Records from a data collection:
- - -

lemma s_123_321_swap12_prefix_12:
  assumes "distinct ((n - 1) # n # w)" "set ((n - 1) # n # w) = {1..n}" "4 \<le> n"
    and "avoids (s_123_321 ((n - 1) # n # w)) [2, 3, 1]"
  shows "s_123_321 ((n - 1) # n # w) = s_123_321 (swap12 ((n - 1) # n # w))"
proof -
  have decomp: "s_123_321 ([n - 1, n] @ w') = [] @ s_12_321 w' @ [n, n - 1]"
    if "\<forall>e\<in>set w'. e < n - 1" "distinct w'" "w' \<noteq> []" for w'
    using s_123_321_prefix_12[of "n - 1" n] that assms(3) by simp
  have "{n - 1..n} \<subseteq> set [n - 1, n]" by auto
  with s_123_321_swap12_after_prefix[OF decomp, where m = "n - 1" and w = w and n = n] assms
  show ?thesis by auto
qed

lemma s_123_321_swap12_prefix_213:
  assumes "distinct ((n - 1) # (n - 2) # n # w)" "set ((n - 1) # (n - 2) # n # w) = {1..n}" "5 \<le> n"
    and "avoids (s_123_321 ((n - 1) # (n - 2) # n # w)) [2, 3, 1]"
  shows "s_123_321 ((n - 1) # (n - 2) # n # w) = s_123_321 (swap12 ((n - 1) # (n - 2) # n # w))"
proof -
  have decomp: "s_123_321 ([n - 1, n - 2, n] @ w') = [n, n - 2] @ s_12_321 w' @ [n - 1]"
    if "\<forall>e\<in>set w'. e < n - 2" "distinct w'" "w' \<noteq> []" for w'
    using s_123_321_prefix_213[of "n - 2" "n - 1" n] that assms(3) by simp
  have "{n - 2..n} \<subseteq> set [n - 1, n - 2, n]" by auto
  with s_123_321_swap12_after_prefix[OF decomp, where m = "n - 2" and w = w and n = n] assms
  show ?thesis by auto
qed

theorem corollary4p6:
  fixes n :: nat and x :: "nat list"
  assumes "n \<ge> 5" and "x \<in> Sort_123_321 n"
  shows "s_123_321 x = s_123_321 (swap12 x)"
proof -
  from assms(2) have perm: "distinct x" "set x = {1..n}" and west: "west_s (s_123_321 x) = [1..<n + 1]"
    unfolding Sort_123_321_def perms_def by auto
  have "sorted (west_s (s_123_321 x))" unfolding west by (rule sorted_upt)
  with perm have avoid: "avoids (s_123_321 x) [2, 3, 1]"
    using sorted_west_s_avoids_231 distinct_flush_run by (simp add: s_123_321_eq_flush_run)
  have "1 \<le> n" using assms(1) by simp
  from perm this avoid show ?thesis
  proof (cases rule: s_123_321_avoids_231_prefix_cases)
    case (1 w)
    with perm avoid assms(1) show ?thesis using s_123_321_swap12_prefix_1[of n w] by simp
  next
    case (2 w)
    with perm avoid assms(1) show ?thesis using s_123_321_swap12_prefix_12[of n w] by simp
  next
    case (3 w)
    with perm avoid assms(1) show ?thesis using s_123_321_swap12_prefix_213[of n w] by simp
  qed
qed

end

- - -

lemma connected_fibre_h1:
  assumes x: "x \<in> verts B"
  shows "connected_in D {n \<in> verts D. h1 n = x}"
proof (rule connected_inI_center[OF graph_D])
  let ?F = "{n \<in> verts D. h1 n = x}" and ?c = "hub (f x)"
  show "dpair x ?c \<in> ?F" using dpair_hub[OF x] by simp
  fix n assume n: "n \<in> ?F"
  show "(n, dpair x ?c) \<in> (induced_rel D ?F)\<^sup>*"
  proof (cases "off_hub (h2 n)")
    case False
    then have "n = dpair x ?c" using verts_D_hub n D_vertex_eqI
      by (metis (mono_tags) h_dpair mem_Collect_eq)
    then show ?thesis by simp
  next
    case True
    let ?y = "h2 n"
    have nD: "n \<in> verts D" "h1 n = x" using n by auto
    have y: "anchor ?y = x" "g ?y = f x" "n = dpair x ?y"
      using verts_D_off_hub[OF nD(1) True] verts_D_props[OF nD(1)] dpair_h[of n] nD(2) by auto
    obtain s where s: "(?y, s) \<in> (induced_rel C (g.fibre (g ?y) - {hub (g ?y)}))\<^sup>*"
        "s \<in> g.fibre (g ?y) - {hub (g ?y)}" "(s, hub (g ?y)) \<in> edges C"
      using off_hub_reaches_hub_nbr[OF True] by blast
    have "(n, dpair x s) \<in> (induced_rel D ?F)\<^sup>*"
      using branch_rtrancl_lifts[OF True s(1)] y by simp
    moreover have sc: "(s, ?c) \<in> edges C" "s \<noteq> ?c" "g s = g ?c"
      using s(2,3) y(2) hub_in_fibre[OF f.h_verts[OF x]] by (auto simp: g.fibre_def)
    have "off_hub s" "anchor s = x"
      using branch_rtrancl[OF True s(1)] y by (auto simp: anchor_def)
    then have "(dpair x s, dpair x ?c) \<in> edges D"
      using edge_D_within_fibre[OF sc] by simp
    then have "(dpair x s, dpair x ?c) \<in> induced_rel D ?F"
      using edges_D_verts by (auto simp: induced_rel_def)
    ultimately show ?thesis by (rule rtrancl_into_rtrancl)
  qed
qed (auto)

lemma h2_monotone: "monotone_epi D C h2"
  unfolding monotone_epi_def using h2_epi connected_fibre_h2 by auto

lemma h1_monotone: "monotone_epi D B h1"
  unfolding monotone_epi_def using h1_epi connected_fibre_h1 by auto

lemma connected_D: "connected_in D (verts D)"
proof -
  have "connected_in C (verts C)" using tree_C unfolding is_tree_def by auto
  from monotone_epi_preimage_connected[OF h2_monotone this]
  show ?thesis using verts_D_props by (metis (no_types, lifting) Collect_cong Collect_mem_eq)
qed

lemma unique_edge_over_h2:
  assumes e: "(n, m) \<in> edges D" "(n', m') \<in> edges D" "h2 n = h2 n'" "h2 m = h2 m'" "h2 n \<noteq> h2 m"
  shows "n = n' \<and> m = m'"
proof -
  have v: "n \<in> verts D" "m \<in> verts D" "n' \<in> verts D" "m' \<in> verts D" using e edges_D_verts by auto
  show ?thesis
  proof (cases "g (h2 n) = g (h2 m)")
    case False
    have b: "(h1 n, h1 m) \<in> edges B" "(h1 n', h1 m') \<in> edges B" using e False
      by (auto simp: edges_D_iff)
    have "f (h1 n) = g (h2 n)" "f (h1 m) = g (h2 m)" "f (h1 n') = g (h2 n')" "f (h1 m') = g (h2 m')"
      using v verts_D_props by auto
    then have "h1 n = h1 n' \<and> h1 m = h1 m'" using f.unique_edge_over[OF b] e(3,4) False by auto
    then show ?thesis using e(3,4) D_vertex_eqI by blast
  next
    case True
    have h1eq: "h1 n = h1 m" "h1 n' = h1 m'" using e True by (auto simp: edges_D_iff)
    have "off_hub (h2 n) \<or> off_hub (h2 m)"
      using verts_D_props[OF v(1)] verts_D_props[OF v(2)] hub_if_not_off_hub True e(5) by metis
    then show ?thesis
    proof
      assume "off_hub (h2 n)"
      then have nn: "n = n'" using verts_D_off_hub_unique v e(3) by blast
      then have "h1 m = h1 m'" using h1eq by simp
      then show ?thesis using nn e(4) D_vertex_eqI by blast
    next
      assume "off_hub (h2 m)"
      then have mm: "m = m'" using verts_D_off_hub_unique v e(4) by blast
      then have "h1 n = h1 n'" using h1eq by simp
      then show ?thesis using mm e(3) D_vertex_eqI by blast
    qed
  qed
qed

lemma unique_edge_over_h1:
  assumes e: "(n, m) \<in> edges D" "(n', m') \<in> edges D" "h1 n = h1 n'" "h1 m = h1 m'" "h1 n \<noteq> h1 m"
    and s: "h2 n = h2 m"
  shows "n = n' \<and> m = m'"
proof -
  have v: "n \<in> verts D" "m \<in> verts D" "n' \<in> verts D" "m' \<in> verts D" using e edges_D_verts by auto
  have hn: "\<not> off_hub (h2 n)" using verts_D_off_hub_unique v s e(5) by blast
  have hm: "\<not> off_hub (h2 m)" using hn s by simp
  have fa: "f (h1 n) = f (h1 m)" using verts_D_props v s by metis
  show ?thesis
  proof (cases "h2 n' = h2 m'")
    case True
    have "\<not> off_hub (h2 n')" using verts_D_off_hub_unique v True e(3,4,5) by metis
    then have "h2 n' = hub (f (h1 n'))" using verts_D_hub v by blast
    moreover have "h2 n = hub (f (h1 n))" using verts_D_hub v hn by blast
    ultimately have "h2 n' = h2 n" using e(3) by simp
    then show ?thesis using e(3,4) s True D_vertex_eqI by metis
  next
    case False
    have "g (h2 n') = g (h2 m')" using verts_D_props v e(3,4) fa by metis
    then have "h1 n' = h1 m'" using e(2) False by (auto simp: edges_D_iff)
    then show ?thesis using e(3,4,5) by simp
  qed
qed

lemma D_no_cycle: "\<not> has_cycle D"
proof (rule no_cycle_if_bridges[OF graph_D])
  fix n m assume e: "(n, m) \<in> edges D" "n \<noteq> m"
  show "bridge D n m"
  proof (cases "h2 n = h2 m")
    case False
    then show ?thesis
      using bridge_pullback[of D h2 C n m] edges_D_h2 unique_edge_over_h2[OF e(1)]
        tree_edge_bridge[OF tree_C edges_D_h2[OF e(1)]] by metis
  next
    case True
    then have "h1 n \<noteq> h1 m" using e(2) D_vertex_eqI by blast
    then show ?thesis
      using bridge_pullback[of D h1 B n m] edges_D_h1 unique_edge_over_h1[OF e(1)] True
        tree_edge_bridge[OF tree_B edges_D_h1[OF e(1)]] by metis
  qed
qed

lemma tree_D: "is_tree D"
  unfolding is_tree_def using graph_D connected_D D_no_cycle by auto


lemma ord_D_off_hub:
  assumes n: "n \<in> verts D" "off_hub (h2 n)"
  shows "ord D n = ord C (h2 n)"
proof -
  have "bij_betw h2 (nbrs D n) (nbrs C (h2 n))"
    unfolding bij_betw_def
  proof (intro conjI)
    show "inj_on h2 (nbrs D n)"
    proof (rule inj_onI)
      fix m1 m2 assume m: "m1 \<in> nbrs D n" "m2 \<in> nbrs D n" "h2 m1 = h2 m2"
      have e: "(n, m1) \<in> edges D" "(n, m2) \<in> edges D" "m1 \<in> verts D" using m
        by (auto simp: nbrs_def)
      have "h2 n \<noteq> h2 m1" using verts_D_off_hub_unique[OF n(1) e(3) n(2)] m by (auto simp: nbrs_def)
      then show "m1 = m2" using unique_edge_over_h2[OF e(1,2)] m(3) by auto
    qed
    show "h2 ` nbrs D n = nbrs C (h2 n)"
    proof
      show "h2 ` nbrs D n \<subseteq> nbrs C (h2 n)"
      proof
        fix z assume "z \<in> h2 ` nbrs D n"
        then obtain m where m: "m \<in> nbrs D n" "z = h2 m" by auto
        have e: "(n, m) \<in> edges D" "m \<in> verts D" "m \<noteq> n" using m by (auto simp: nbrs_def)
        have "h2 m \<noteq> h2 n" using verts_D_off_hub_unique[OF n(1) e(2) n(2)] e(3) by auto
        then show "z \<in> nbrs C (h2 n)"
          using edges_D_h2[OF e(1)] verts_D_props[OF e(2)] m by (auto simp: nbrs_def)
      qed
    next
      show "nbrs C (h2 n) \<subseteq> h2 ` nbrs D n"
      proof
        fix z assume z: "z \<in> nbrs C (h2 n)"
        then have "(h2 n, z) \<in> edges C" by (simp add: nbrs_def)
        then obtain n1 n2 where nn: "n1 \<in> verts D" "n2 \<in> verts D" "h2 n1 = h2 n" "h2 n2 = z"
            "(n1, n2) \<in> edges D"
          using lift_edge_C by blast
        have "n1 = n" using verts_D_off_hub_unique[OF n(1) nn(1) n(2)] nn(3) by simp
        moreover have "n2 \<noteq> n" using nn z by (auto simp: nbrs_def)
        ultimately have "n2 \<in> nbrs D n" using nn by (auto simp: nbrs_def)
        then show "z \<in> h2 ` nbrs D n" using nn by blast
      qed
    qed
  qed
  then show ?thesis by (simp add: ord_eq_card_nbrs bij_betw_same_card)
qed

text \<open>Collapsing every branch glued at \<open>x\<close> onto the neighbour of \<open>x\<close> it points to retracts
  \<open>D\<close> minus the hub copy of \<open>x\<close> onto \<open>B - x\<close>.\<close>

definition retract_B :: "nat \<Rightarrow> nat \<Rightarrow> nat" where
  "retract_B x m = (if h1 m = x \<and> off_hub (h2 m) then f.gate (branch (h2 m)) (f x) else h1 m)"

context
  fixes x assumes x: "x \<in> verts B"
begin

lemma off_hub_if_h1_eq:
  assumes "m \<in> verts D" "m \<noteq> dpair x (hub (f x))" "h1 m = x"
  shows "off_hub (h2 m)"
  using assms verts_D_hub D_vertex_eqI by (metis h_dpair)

- - -

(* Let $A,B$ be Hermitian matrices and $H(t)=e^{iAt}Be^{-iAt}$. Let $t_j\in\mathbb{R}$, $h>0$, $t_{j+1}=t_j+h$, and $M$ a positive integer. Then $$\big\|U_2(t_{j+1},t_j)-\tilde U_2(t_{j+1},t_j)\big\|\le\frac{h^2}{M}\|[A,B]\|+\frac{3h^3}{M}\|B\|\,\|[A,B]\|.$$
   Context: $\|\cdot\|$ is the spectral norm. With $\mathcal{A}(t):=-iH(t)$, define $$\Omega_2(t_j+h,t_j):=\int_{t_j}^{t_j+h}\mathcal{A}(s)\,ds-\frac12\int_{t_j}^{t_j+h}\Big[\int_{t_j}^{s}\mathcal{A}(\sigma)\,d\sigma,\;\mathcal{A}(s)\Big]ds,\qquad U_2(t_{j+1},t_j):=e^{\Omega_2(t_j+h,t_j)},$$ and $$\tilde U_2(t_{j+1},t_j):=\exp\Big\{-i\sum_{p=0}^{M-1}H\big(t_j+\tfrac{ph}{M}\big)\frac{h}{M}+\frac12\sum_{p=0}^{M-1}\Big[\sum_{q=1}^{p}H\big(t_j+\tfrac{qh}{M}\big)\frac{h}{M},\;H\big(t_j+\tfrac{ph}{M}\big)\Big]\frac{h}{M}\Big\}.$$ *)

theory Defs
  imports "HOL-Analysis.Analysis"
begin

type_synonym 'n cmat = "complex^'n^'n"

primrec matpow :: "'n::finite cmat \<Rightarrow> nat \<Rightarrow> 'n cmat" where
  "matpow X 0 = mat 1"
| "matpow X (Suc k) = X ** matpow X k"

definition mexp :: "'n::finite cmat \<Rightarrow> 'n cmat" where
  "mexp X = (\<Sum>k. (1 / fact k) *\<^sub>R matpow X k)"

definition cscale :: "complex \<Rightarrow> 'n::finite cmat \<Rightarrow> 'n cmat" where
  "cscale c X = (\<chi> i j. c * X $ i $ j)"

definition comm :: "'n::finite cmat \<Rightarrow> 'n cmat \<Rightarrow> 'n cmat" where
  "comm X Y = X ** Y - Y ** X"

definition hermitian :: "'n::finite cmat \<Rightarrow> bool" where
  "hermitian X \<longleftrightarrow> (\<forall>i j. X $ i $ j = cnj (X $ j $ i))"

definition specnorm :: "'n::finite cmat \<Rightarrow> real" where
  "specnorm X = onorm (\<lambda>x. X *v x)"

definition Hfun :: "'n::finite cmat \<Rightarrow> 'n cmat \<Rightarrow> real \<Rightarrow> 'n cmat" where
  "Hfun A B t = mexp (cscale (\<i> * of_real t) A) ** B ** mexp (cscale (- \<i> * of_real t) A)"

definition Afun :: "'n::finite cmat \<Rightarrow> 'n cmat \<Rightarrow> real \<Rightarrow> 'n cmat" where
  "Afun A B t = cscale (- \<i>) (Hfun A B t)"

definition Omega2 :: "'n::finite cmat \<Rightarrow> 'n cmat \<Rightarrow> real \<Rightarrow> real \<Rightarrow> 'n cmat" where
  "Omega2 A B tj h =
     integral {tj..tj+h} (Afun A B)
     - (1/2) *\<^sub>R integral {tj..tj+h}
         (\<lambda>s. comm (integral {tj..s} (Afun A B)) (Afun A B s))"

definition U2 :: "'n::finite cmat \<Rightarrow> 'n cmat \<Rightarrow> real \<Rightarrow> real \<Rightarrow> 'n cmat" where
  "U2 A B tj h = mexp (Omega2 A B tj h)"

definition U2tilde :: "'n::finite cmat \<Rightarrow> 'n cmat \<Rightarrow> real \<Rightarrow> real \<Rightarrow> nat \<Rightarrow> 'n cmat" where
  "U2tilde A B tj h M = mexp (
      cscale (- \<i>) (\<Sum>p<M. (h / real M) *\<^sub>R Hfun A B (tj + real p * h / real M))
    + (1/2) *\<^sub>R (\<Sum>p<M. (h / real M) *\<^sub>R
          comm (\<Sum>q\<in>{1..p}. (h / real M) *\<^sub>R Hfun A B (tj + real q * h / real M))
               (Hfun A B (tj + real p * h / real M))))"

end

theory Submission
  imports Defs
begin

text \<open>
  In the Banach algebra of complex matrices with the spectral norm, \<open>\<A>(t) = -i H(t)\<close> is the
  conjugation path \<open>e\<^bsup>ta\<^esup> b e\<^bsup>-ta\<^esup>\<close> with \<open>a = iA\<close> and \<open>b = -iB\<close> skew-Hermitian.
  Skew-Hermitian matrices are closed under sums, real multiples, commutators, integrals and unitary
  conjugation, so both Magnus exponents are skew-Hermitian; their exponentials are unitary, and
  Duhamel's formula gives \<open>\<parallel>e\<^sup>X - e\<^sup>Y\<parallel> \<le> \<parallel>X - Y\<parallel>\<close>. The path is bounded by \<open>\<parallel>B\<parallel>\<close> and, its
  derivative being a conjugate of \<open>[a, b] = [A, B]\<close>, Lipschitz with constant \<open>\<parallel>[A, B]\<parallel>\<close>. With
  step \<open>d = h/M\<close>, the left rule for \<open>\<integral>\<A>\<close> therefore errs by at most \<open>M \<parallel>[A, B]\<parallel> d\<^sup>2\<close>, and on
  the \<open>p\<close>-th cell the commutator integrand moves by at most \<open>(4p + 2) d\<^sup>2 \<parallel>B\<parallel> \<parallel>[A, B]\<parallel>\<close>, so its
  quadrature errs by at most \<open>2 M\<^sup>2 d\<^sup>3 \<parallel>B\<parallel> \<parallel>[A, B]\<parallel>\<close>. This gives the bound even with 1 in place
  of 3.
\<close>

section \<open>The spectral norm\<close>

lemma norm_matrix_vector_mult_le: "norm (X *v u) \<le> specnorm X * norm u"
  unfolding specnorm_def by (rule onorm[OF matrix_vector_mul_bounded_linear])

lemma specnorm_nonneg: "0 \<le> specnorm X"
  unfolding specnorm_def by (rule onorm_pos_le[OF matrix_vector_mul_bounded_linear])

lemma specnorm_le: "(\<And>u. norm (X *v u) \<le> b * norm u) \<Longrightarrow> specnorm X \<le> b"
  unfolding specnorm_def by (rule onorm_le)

- - -

Your goal: Could you find each line in the entries that contains the string "errs" and copy it?

Solution below:
  step \<open>d = h/M\<close>, the left rule for \<open>\<integral>\<A>\<close> therefore errs by at most \<open>M \<parallel>[A, B]\<parallel> d\<^sup>2\<close>, and on
  quadrature errs by at most \<open>2 M\<^sup>2 d\<^sup>3 \<parallel>B\<parallel> \<parallel>[A, B]\<parallel>\<close>. This gives the bound even with 1 in place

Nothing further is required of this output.